Updated: December 4, 2013 — 1:51 pm

37 Comments

  1. Many historical places ‘speak’ to me. I love to spend time in cemeteries and often make up stories to go with the names and information on the headstones. Anyplace that there are old ruins (like the partial wall of a log cabin found in the mountain forest where we like to camp) just talks of the past to me.

  2. The canyons speak to me, Grand Canyon, Bryce Canyon, Palo Duro Canyon……these awe-inspiring places clearly bring home the fact that God is mighty, that God is amazing, that God is……

  3. Tanya, I just wanted you to know that I’m in the middle of CLAIMING HIS HEART and LOVING it! I appreciate the pix. It’s always nice connecting pix with scenes/characters in the book. Wishing you a very merry Christmas, my friend! 🙂

  4. Love the pictures and the story sounds amazing!!!

  5. Congratulations, Tanya! CLAIMING HIS HEART sounds like a wonderful story! I enjoy visiting historic homes and old homesteads. It is fascinating to see where people once lived and imagine the lives they led.

  6. Connie, I hear ya. I LOVE wandering through old cemeteries. Babies’ graves are always the most hear-rending. My most recent one was Pioneer Cemetery in Glenwood Springs, Colorado where I saw Doc Holliday’s memorial. Dang, I have a pic of the
    old cabin in Holcomb Valley…shoulda posted that one, too. Thanks so much for posting here today!

  7. HI Melanie, oh, I know all of those places. I remember just sitting on a bench and “watching” the Grand Canyon for a long time. Gorgeous. All the sand “sculptures” in Bryce so remind me of choirs of angels and battalions of soldiers. And although I haven’t ever been to Palo Duro, I learned of the thousand Comanche horses executed by the U.S. Cavalry to decimate the tribes. I actually shudder at the thought. God is indeed a mighty Creator. The West, both American and Canadia, displays much of His glorious handiwork.

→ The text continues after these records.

(* Let $\varphi:\mathbb N\to(0,\infty)$ be nonincreasing with $\lim_{n\to\infty}\varphi(n)=0$ and $\lim_{n\to\infty}n\varphi(n)=\infty$. Then there exists a nondecreasing function $\xi:\mathbb N\to\mathbb N$ with $\lim_{n\to\infty}\xi(n)=\infty$ such that for all sufficiently large $n$, $\varphi(1)\le\xi(n)\,\varphi(n\xi(n))\le2\varphi(1)$. *)

theory Defs
  imports Complex_Main
begin

end

theory Submission
  imports Defs
begin

text \<open>Take \<open>\<xi> n\<close> to be the least \<open>k \<ge> 1\<close> with \<open>\<phi> 1 \<le> k \<phi>(nk)\<close>; it exists because
  \<open>m \<phi>(m) \<rightarrow> \<infinity>\<close>. Minimality gives the upper bound: \<open>\<xi> \<phi>(n\<xi>) \<le> 2 (\<xi> - 1) \<phi>(n(\<xi> - 1)) < 2 \<phi>(1)\<close>
  when \<open>\<xi> \<ge> 2\<close>. Monotonicity of \<open>\<phi>\<close> makes every scale admissible for \<open>n\<close> admissible for
  all smaller \<open>m\<close>, so \<open>\<xi>\<close> is nondecreasing; and \<open>\<xi>\<close> is unbounded since a bounded \<open>\<xi>\<close> would give
  \<open>\<phi> 1 \<le> \<xi> \<phi>(n) \<rightarrow> 0\<close>.\<close>

definition least_scale :: "(nat \<Rightarrow> real) \<Rightarrow> real \<Rightarrow> nat \<Rightarrow> nat" where
  "least_scale \<phi> c n = (LEAST k. k \<ge> 1 \<and> c \<le> real k * \<phi> (n * k))"

lemma scale_exists:
  fixes \<phi> :: "nat \<Rightarrow> real"
  assumes "filterlim (\<lambda>m. real m * \<phi> m) at_top sequentially" and "n \<ge> 1"
  shows "\<exists>k. k \<ge> 1 \<and> c \<le> real k * \<phi> (n * k)"
proof -
  have "\<forall>\<^sub>F m in sequentially. c * real n \<le> real m * \<phi> m"
    using assms(1) by (simp add: filterlim_at_top)
  then obtain N where N: "\<And>m. m \<ge> N \<Longrightarrow> c * real n \<le> real m * \<phi> m"
    by (auto simp: eventually_sequentially)
  have "N \<le> n * (N + 1)"
    using assms(2) by (cases n) auto
  from N[OF this] have "real n * c \<le> real n * (real (N + 1) * \<phi> (n * (N + 1)))"
    by (simp add: algebra_simps)
  then have "c \<le> real (N + 1) * \<phi> (n * (N + 1))"
    using assms(2) by simp
  then show ?thesis by (intro exI[of _ "N + 1"]) simp
qed

lemma least_scale_le:
  assumes "k \<ge> 1" and "c \<le> real k * \<phi> (n * k)"
  shows "least_scale \<phi> c n \<le> k"
  unfolding least_scale_def by (rule Least_le) (use assms in simp)

lemma least_scale_admissible:
  fixes \<phi> :: "nat \<Rightarrow> real"
  assumes "filterlim (\<lambda>m. real m * \<phi> m) at_top sequentially" and "n \<ge> 1"
  shows "least_scale \<phi> c n \<ge> 1"
    and "c \<le> real (least_scale \<phi> c n) * \<phi> (n * least_scale \<phi> c n)"
  using LeastI_ex[OF scale_exists[OF assms, of c]] by (simp_all add: least_scale_def)

lemma least_scale_predecessor:
  assumes "least_scale \<phi> c n \<ge> 2"
  shows "real (least_scale \<phi> c n - 1) * \<phi> (n * (least_scale \<phi> c n - 1)) < c"
proof -
  have "\<not> (least_scale \<phi> c n - 1 \<ge> 1 \<and> c \<le> real (least_scale \<phi> c n - 1) * \<phi> (n * (least_scale \<phi> c n - 1)))"
    unfolding least_scale_def by (rule not_less_Least) (use assms in \<open>simp add: least_scale_def\<close>)
  with assms show ?thesis by auto
qed

lemma mono_least_scale:
  fixes \<phi> :: "nat \<Rightarrow> real"
  assumes noninc: "\<And>m n. 1 \<le> m \<Longrightarrow> m \<le> n \<Longrightarrow> \<phi> n \<le> \<phi> m"
    and lim: "filterlim (\<lambda>m. real m * \<phi> m) at_top sequentially"
    and "1 \<le> m" "m \<le> n"
  shows "least_scale \<phi> c m \<le> least_scale \<phi> c n"
proof -
  let ?k = "least_scale \<phi> c n"
  have k: "?k \<ge> 1" "c \<le> real ?k * \<phi> (n * ?k)"
    using least_scale_admissible[OF lim] assms(3,4) by auto
  have "\<phi> (n * ?k) \<le> \<phi> (m * ?k)"
    using assms(3,4) k(1) by (intro noninc) auto
  then have "real ?k * \<phi> (n * ?k) \<le> real ?k * \<phi> (m * ?k)"
    by (simp add: mult_left_mono)
  with k(2) have "c \<le> real ?k * \<phi> (m * ?k)"
    by linarith
  with k(1) show ?thesis
    by (rule least_scale_le)
qed

lemma filterlim_least_scale_at_top:
  fixes \<phi> :: "nat \<Rightarrow> real"
  assumes pos: "\<And>n. n \<ge> 1 \<Longrightarrow> \<phi> n > 0"
    and noninc: "\<And>m n. 1 \<le> m \<Longrightarrow> m \<le> n \<Longrightarrow> \<phi> n \<le> \<phi> m"
    and lim0: "\<phi> \<longlonglongrightarrow> 0"
    and lim: "filterlim (\<lambda>m. real m * \<phi> m) at_top sequentially"
    and "c > 0"
  shows "filterlim (least_scale \<phi> c) at_top sequentially"
  unfolding filterlim_at_top
proof
  fix Z :: nat
  have "\<forall>\<^sub>F n in sequentially. \<phi> n < c / real (Z + 1)"
    using \<open>c > 0\<close> by (intro order_tendstoD(2)[OF lim0]) simp
  then obtain N where N: "\<And>n. n \<ge> N \<Longrightarrow> \<phi> n < c / real (Z + 1)"
    by (auto simp: eventually_sequentially)
  have "Z \<le> least_scale \<phi> c n" if n: "n \<ge> max N 1" for n
  proof (rule ccontr)
    let ?k = "least_scale \<phi> c n"
    assume "\<not> Z \<le> ?k"
    have k: "?k \<ge> 1" "c \<le> real ?k * \<phi> (n * ?k)"
      using least_scale_admissible[OF lim] n by auto
    have "real ?k * \<phi> (n * ?k) \<le> real Z * \<phi> n"
      using \<open>\<not> Z \<le> ?k\<close> k(1) n noninc[of n "n * ?k"] pos[of "n * ?k"]
      by (intro mult_mono) auto
    also have "\<dots> \<le> real Z * (c / real (Z + 1))"
      using N[of n] n by (intro mult_left_mono) auto
    also have "\<dots> < c"
      using \<open>c > 0\<close> by (simp add: field_simps)
    finally show False
      using k(2) by simp
  qed
  then show "\<forall>\<^sub>F n in sequentially. Z \<le> least_scale \<phi> c n"
    unfolding eventually_sequentially by blast
qed

lemma least_scale_upper_bound:
  fixes \<phi> :: "nat \<Rightarrow> real"
  assumes pos: "\<And>n. n \<ge> 1 \<Longrightarrow> \<phi> n > 0"
    and noninc: "\<And>m n. 1 \<le> m \<Longrightarrow> m \<le> n \<Longrightarrow> \<phi> n \<le> \<phi> m"
    and lim: "filterlim (\<lambda>m. real m * \<phi> m) at_top sequentially"
    and "n \<ge> 1"
  shows "real (least_scale \<phi> (\<phi> 1) n) * \<phi> (n * least_scale \<phi> (\<phi> 1) n) \<le> 2 * \<phi> 1"
proof -
  let ?k = "least_scale \<phi> (\<phi> 1) n"
  have "?k \<ge> 1"
    using least_scale_admissible[OF lim \<open>n \<ge> 1\<close>] by simp
  then consider "?k = 1" | "?k \<ge> 2" by linarith
  then show ?thesis
  proof cases
    case 1
    then show ?thesis
      using noninc[of 1 n] pos[of 1] \<open>n \<ge> 1\<close> by simp
  next
    case 2
    have "real ?k * \<phi> (n * ?k) \<le> (2 * real (?k - 1)) * \<phi> (n * (?k - 1))"
      using 2 \<open>n \<ge> 1\<close> noninc[of "n * (?k - 1)" "n * ?k"] pos[of "n * ?k"]
      by (intro mult_mono) auto
    also have "\<dots> < 2 * \<phi> 1"
      using least_scale_predecessor[OF 2] by simp
    finally show ?thesis by simp
  qed
qed

theorem lemma4p2:
  fixes \<phi> :: "nat \<Rightarrow> real"
  assumes pos: "\<And>n. n \<ge> 1 \<Longrightarrow> \<phi> n > 0"
    and noninc: "\<And>m n. 1 \<le> m \<Longrightarrow> m \<le> n \<Longrightarrow> \<phi> n \<le> \<phi> m"
    and lim0: "\<phi> \<longlonglongrightarrow> 0"
    and liminf: "filterlim (\<lambda>n. real n * \<phi> n) at_top sequentially"
  shows "\<exists>\<xi> :: nat \<Rightarrow> nat.
           (\<forall>n. n \<ge> 1 \<longrightarrow> \<xi> n \<ge> 1)
         \<and> (\<forall>m n. 1 \<le> m \<longrightarrow> m \<le> n \<longrightarrow> \<xi> m \<le> \<xi> n)
         \<and> filterlim \<xi> at_top sequentially
         \<and> (\<forall>\<^sub>F n in sequentially.
               \<phi> 1 \<le> real (\<xi> n) * \<phi> (n * \<xi> n) \<and>
               real (\<xi> n) * \<phi> (n * \<xi> n) \<le> 2 * \<phi> 1)"
proof (intro exI[of _ "least_scale \<phi> (\<phi> 1)"] conjI allI impI)
  show "least_scale \<phi> (\<phi> 1) n \<ge> 1" if "n \<ge> 1" for n
    using least_scale_admissible(1)[OF liminf that] .
  show "least_scale \<phi> (\<phi> 1) m \<le> least_scale \<phi> (\<phi> 1) n" if "1 \<le> m" "m \<le> n" for m n
    using mono_least_scale[OF noninc liminf that] .
  show "filterlim (least_scale \<phi> (\<phi> 1)) at_top sequentially"
    using filterlim_least_scale_at_top[OF pos noninc lim0 liminf] pos[of 1] by simp
  have "\<forall>\<^sub>F n in sequentially. n \<ge> 1"
    by (rule eventually_ge_at_top)
  then show "\<forall>\<^sub>F n in sequentially.
      \<phi> 1 \<le> real (least_scale \<phi> (\<phi> 1) n) * \<phi> (n * least_scale \<phi> (\<phi> 1) n) \<and>
      real (least_scale \<phi> (\<phi> 1) n) * \<phi> (n * least_scale \<phi> (\<phi> 1) n) \<le> 2 * \<phi> 1"
    by eventually_elim
      (use least_scale_admissible(2)[OF liminf] least_scale_upper_bound[OF pos noninc liminf] in auto)
qed

end
text \<open>Both second derivatives are limits of \<open>h\<^sup>-\<^sup>2\<close> times the second difference
  \<open>f (p + h v + h w) - f (p + h v) - f (p + h w) + f p\<close>, which is symmetric in \<open>v\<close> and \<open>w\<close>.\<close>
lemma has_derivative_second_symmetric:
  fixes f :: "'a::real_normed_vector \<Rightarrow> real"
  assumes U: "open U" "p \<in> U"
    and fd: "\<And>q. q \<in> U \<Longrightarrow> (f has_derivative f' q) (at q)"
    and dA: "((\<lambda>q. f' q v) has_derivative A) (at p)"
    and dB: "((\<lambda>q. f' q w) has_derivative B) (at p)"
  shows "A w = B v"
proof -
  define C where "C = norm v + norm w + 1"
  have C: "C > 0" unfolding C_def by (simp add: add_nonneg_pos)
  have bound: "\<bar>A w - B v\<bar> \<le> 4 * e * C" if e: "e > 0" for e
  proof -
    obtain d1 where d1: "d1 > 0" "\<And>h. 0 < h \<Longrightarrow> h * C < d1 \<Longrightarrow>
      \<bar>f (p + h *\<^sub>R v + h *\<^sub>R w) - f (p + h *\<^sub>R v) - f (p + h *\<^sub>R w) + f p - h * h * A w\<bar>
        \<le> 2 * e * h * h * C"
      using second_difference_estimate[OF U fd dA e, of w] unfolding C_def by blast
    obtain d2 where d2: "d2 > 0" "\<And>h. 0 < h \<Longrightarrow> h * C < d2 \<Longrightarrow>
      \<bar>f (p + h *\<^sub>R w + h *\<^sub>R v) - f (p + h *\<^sub>R w) - f (p + h *\<^sub>R v) + f p - h * h * B v\<bar>
        \<le> 2 * e * h * h * C"
      using second_difference_estimate[OF U fd dB e, of v] unfolding C_def by (auto simp: ac_simps)
    define h where "h = min d1 d2 / (2 * C)"
    have h: "h > 0" "h * C < d1" "h * C < d2"
      using d1(1) d2(1) C by (auto simp: h_def field_simps)
    define \<Delta> where "\<Delta> = f (p + h *\<^sub>R v + h *\<^sub>R w) - f (p + h *\<^sub>R v) - f (p + h *\<^sub>R w) + f p"
    have "(\<Delta> - h * h * B v) - (\<Delta> - h * h * A w) = (h * h) * (A w - B v)"
      by (simp add: algebra_simps)
    then have "h * h * \<bar>A w - B v\<bar> = \<bar>(\<Delta> - h * h * B v) - (\<Delta> - h * h * A w)\<bar>"
      by (simp add: abs_mult)
    also have "\<dots> \<le> \<bar>\<Delta> - h * h * B v\<bar> + \<bar>\<Delta> - h * h * A w\<bar>"
      by (rule abs_triangle_ineq4)
    also have "\<dots> \<le> h * h * (4 * e * C)"
      using d1(2)[OF h(1,2)] d2(2)[OF h(1,3)] unfolding \<Delta>_def by (simp add: ac_simps)
    finally have "h * h * \<bar>A w - B v\<bar> \<le> h * h * (4 * e * C)" .
    then show ?thesis using h by (simp add: mult_le_cancel_left_pos)
  qed
  show ?thesis
  proof (rule ccontr)
    assume ne: "A w \<noteq> B v"
    have "\<bar>A w - B v\<bar> \<le> 4 * (\<bar>A w - B v\<bar> / (8 * C)) * C"
      using ne C by (intro bound) simp
    then show False using ne C by simp
  qed
qed

lemma dir_deriv_commute:
  assumes U: "open U" and f: "smooth_on U f" and p: "p \<in> U"
  shows "dir_deriv v (dir_deriv w f) p = dir_deriv w (dir_deriv v f) p"
proof -
  have df: "\<And>q. q \<in> U \<Longrightarrow> (f has_derivative (\<lambda>h. dir_deriv h f q)) (at q)"
    by (rule smooth_on_has_derivative[OF f U])
  have "((\<lambda>q. dir_deriv u f q) has_derivative (\<lambda>h. dir_deriv h (dir_deriv u f) p)) (at p)" for u
    by (rule smooth_on_has_derivative[OF smooth_on_dir_deriv[OF U f] U p])
  from has_derivative_second_symmetric[OF U p df this this] show ?thesis by simp
qed

definition e_u :: pt where "e_u = (1, 0, 0)"
definition e_r :: pt where "e_r = (0, 1, 0)"
definition e_x :: "nat \<Rightarrow> pt" where "e_x A = (0, 0, ebasis A)"

definition region :: "(real \<times> real) set \<Rightarrow> pt set" where
  "region X = {p. 0 < rc p \<and> xc p \<in> X}"

lemma rc_e_u [simp]: "rc e_u = 0" and xc_e_u [simp]: "xc e_u = 0"
  and rc_e_r [simp]: "rc e_r = 1" and xc_e_r [simp]: "xc e_r = 0"
  and rc_e_x [simp]: "rc (e_x A) = 0" and xc_e_x [simp]: "xc (e_x A) = ebasis A"
  by (simp_all add: e_u_def e_r_def e_x_def rc_def xc_def zero_prod_def)

lemma rc_add [simp]: "rc (p + q) = rc p + rc q" and xc_add [simp]: "xc (p + q) = xc p + xc q"
  and rc_scaleR [simp]: "rc (t *\<^sub>R p) = t * rc p" and xc_scaleR [simp]: "xc (t *\<^sub>R p) = t *\<^sub>R xc p"
  by (simp_all add: rc_def xc_def)

lemma bounded_linear_rc: "bounded_linear rc"
  unfolding rc_def by (intro bounded_linear_compose[OF bounded_linear_fst bounded_linear_snd])

lemma bounded_linear_xc: "bounded_linear xc"
  unfolding xc_def by (intro bounded_linear_compose[OF bounded_linear_snd bounded_linear_snd])

lemma du_eq_dir_deriv: "du = dir_deriv e_u"
proof (intro ext)
  fix f :: "pt \<Rightarrow> real" and p :: pt
  obtain a b x where p: "p = (a, b, x)" by (cases p) auto
  have "du f p = deriv ((\<lambda>t. f (t, b, x)) \<circ> (+) a) 0"
    unfolding deriv_shift_0[symmetric] by (simp add: du_def p uc_def rc_def xc_def)
  then show "du f p = dir_deriv e_u f p"
    by (simp add: dir_deriv_def p e_u_def o_def zero_prod_def[symmetric])
qed

lemma dr_eq_dir_deriv: "dr = dir_deriv e_r"
proof (intro ext)
  fix f :: "pt \<Rightarrow> real" and p :: pt
  obtain a b x where p: "p = (a, b, x)" by (cases p) auto
  have "dr f p = deriv ((\<lambda>t. f (a, t, x)) \<circ> (+) b) 0"
    unfolding deriv_shift_0[symmetric] by (simp add: dr_def p uc_def rc_def xc_def)
  then show "dr f p = dir_deriv e_r f p"
    by (simp add: dir_deriv_def p e_r_def o_def zero_prod_def[symmetric])
qed

lemma dx_eq_dir_deriv: "dx A = dir_deriv (e_x A)"
  by (intro ext) (simp add: dx_def dir_deriv_def e_x_def uc_def rc_def xc_def split_paired_all)

lemma pdx_eq_dir_deriv: "pdx A = dir_deriv (ebasis A)"
  by (intro ext) (simp add: pdx_def dir_deriv_def)

lemma open_region: "open X \<Longrightarrow> open (region X)"
proof -
  assume X: "open X"
  have "region X = {p. 0 < rc p} \<inter> xc -` X" by (auto simp: region_def)
  moreover have "open {p. 0 < rc p}"
    by (rule open_Collect_less) (auto intro: linear_continuous_on bounded_linear_rc)
  moreover have "open (xc -` X)"
    by (rule open_vimage[OF X]) (auto intro: linear_continuous_on bounded_linear_xc)
  ultimately show ?thesis by auto
qed

lemma rc_nonzero_region [simp]: "p \<in> region X \<Longrightarrow> rc p \<noteq> 0"
  by (auto simp: region_def)

lemma dir_deriv_rc [simp]: "dir_deriv v rc p = rc v"
  by (rule dir_deriv_linear[OF bounded_linear_rc])

lemma dir_deriv_vertical_lift [simp]: "xc v = 0 \<Longrightarrow> dir_deriv v (\<lambda>q. \<phi> (xc q)) p = 0"
  by (simp add: dir_deriv_def)

section \<open>Tensor calculus on a chart\<close>

locale chart =
  fixes g :: metric and X :: "(real \<times> real) set"
  assumes open_chart: "open X"
    and smooth_metric: "\<And>A B. smooth_on X (g A B)"
    and gdet_nonzero: "\<And>x. x \<in> X \<Longrightarrow> gdet g x \<noteq> 0"
begin

lemma open_region_chart [simp]: "open (region X)"
  by (rule open_region[OF open_chart])

lemma smooth_on_ginv: "smooth_on X (ginv g A B)"
proof -
  have "smooth_on X (gdet g)"
    unfolding gdet_def[abs_def]
    by (intro smooth_on_diff smooth_on_mult open_chart smooth_metric)
  then have "smooth_on X (\<lambda>x. f x / gdet g x)" if "smooth_on X f" for f
    using gdet_nonzero by (intro smooth_on_divide open_chart that) auto
  moreover have "smooth_on X (\<lambda>x. if P then f x else h x)"
    if "smooth_on X f" "smooth_on X h" for P f h
    using that by (cases P) simp_all
  ultimately show ?thesis
    unfolding ginv_def[abs_def]
    by (simp add: smooth_on_minus smooth_on_const open_chart smooth_metric)
qed

lemma smooth_on_Gam: "smooth_on X (Gam g C A B)"
  unfolding Gam_def[abs_def] pdx_eq_dir_deriv
  by (intro smooth_on_mult smooth_on_const smooth_on_sum smooth_on_add smooth_on_diff
      smooth_on_dir_deriv smooth_metric smooth_on_ginv open_chart finite_lessThan)

lemma smooth_on_region_lift: "smooth_on X \<phi> \<Longrightarrow> smooth_on (region X) (\<lambda>q. \<phi> (xc q))"
proof -
  have "xc ` region X \<subseteq> X" unfolding region_def by blast
  then show "smooth_on X \<phi> \<Longrightarrow> smooth_on (region X) (\<lambda>q. \<phi> (xc q))"
    by (rule smooth_on_compose_linear[OF open_region_chart open_chart bounded_linear_xc])
qed

lemmas smooth_on_region_intros [simp] =
  smooth_on_const[OF open_region_chart] smooth_on_add[OF open_region_chart]
  smooth_on_mult[OF open_region_chart] smooth_on_diff[OF open_region_chart]
  smooth_on_minus[OF open_region_chart] smooth_on_power[OF open_region_chart]
  smooth_on_sum[OF open_region_chart] smooth_on_dir_deriv[OF open_region_chart]
  smooth_on_divide[OF open_region_chart]
  smooth_on_linear[OF open_region_chart bounded_linear_rc]
  smooth_on_region_lift[OF smooth_metric] smooth_on_region_lift[OF smooth_on_ginv]
  smooth_on_region_lift[OF smooth_on_Gam]

lemmas dir_deriv_region_simps =
  dir_deriv_add[OF open_region_chart] dir_deriv_diff[OF open_region_chart]
  dir_deriv_mult[OF open_region_chart] dir_deriv_minus[OF open_region_chart]
  dir_deriv_power[OF open_region_chart] dir_deriv_divide[OF open_region_chart]
  dir_deriv_sum[OF open_region_chart]

lemma cov1_altdef:
  "cov1 g A w B = (\<lambda>p. dir_deriv (e_x A) (w B) p - (\<Sum>C<2. Gam g C A B (xc p) * w C p))"
  by (simp add: fun_eq_iff cov1_def dx_eq_dir_deriv)

lemma cov2_altdef: "cov2 g C T A B = (\<lambda>p. dir_deriv (e_x C) (T A B) p
     - (\<Sum>D<2. Gam g D C A (xc p) * T D B p) - (\<Sum>D<2. Gam g D C B (xc p) * T A D p))"
  by (simp add: fun_eq_iff cov2_def dx_eq_dir_deriv)

lemma smooth_on_cov1 [simp]:
  "(\<And>C. smooth_on (region X) (w C)) \<Longrightarrow> smooth_on (region X) (cov1 g A w B)"
  unfolding cov1_altdef by simp

lemma smooth_on_cov2 [simp]:
  "(\<And>A B. smooth_on (region X) (T A B)) \<Longrightarrow> smooth_on (region X) (cov2 g C T A B)"
  unfolding cov2_altdef by simp

lemma smooth_on_divT [simp]:
  "(\<And>A B. smooth_on (region X) (T A B)) \<Longrightarrow> smooth_on (region X) (divT g T A)"
  unfolding divT_def[abs_def] by simp

lemma smooth_on_TS [simp]:
  "(\<And>A B. smooth_on (region X) (Y A B)) \<Longrightarrow> smooth_on (region X) (TS g Y A B)"
  unfolding TS_def[abs_def] by simp
text \<open>With \<open>x = cos t - cos a\<close> and
  \<open>d = cos a - cos b\<close> the integrand of \<open>I2\<close> is
  \<open>sqrt (d / x) / (x + d) = (1 / sqrt d) * (1 / sqrt x - sqrt x / (x + d))\<close>.\<close>

lemma I1_I2_via_G_int:
  assumes a0: "0 < a" and a1: "a \<le> pi/2" and b: "a < b" "b < pi"
  shows "sqrt (cos a - cos b) * I1 a b = G_int a (cos b)
    \<and> sqrt (cos a - cos b) * I2 a b = K_int a - G_int a (cos b)"
proof -
  define d where "d = cos a - cos b"
  have api: "a \<le> pi" and cb: "cos b < cos a"
    using a0 a1 b pi_gt_zero by (auto intro: cos_monotone_0_pi)
  then have d_pos: "d > 0" by (simp add: d_def)
  have G_ker_int: "G_kernel a (cos b) integrable_on {0..a}" using G_kernel_integrable[OF api cb] .
  have "I1 a b = integral {0..a} (\<lambda>t. (1 / sqrt d) * G_kernel a (cos b) t)"
    unfolding I1_def d_def G_kernel_def by (simp add: real_sqrt_divide)
  also have "\<dots> = G_int a (cos b) / sqrt d" by (simp add: G_int_def)
  finally have I1_eq: "I1 a b = G_int a (cos b) / sqrt d" .
  have "I2 a b = integral {0..a} (\<lambda>t. (1 / sqrt d) * (K_kernel a t - G_kernel a (cos b) t))"
    unfolding I2_def
  proof (rule integral_cong)
    fix t assume t: "t \<in> {0..a}"
    define x where "x = cos t - cos a"
    have "0 \<le> x" using cos_ge_cos_on[of t a] t api by (simp add: x_def)
    show "sqrt ((cos a - cos b) / (cos t - cos a)) / (cos t - cos b)
        = 1 / sqrt d * (K_kernel a t - G_kernel a (cos b) t)"
    proof (cases "x = 0")
      case True
      then show ?thesis by (simp add: K_kernel_def G_kernel_def x_def[symmetric])
    next
      case False
      define u v where "u = sqrt x" and "v = sqrt d"
      have uv: "0 < u" "0 < v" using False \<open>0 \<le> x\<close> d_pos by (auto simp: u_def v_def)
      have x_eq: "cos t - cos a = u\<^sup>2" and d_eq: "cos a - cos b = v\<^sup>2"
        using \<open>0 \<le> x\<close> d_pos by (simp_all add: u_def v_def x_def d_def)
      have "cos t - cos b = u\<^sup>2 + v\<^sup>2" using x_eq d_eq by simp
      then have "sqrt ((cos a - cos b) / (cos t - cos a)) / (cos t - cos b) = v / u / (u\<^sup>2 + v\<^sup>2)"
        using uv by (simp add: x_eq d_eq real_sqrt_divide)
      also have "\<dots> = (1 / v) * (1 / u - u / (u\<^sup>2 + v\<^sup>2))"
        using uv by (simp add: field_simps power2_eq_square)
      also have "\<dots> = 1 / sqrt d * (K_kernel a t - G_kernel a (cos b) t)"
        using \<open>cos t - cos b = u\<^sup>2 + v\<^sup>2\<close> x_eq uv
        by (simp add: K_kernel_def G_kernel_def x_eq u_def v_def)
      finally show ?thesis .
    qed
  qed
  also have "\<dots> = (K_int a - G_int a (cos b)) / sqrt d"
    using K_kernel_integrable[OF a0 a1] G_ker_int by (simp add: integral_diff G_int_def K_int_def)
  finally show ?thesis using I1_eq d_pos by (simp add: d_def)
qed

  8. The first one was when we visited Mesa Verde when I was very young…

  9. Hi Dora, aw, as always your kind words mean the world to me. You make my days better. I am humbled and honored that you’re liking the book. Bronx and Reno have stories brewing, too. I wish you a blessed Christmastime too. xoxox

  10. Hi Sherri, thanks a ton, filly sister! The day we drove through Holcomb Valley–it’s a very rustic road–my camera ran out of battery. Thank the good Lord for cell phones. I so appreciate your kind words today!

  11. Hi Britney, I love seeing the past too. I think that’s why we all like Petticoats and Pistols, too. It’s not that old, but I enjoyed Margaret Mitchell’s apartment in Atlanta. And oh, Mount Vernon. Thanks for your comment today and for wishing me well.

  12. Hi Tanya.
    I remember this great story! I especially like the characters and their fun names!! I will pick up a copy today Your first insp!y!

  13. Congrats on the release of Claiming His Heart! Sounds wonderful! 🙂
    When I was younger my family would go and visit West Point… seeing bits of the fort and some of the things left behind always had me thinking of the people who were standing where I was so long ago.

  14. Congrats on your latest, Tanya! Brava for branching into something new.

  15. We spend most of our vacation time visiting historical places as well as visiting those close to us. It is a bit hard to think which one spoke to me the most, most of them do. The first , and one we have returned to many times is Fort Ticonderoga in northern New York State. It dates to before the Revolutionary War and has played an important role in the French and Indian War, Revolutionary War, and the War of 1812. We have been there for several reenactments, but our most memorable experience was in the late 1970’s when we attended Highland games being held there. There was a pipe and drum concert at night on the old parade grounds. Bleachers were set up around the edges and on the fort walls. The night was clear and the starlit sky was not dimmed by the only lighting, torches. The pipes and drums started playing outside the fort and entered through the tunnel into the parade grounds. It was a magic performance. You could smell the leather in the pipes and it felt like we had traveled back in time. That night when we returned to our campsite, as we sat around the campfire, we could hear pipes being played at other campsites in the woods. A very magical evening. They have done wonderful restoration on the fort since and there is something new each time we return.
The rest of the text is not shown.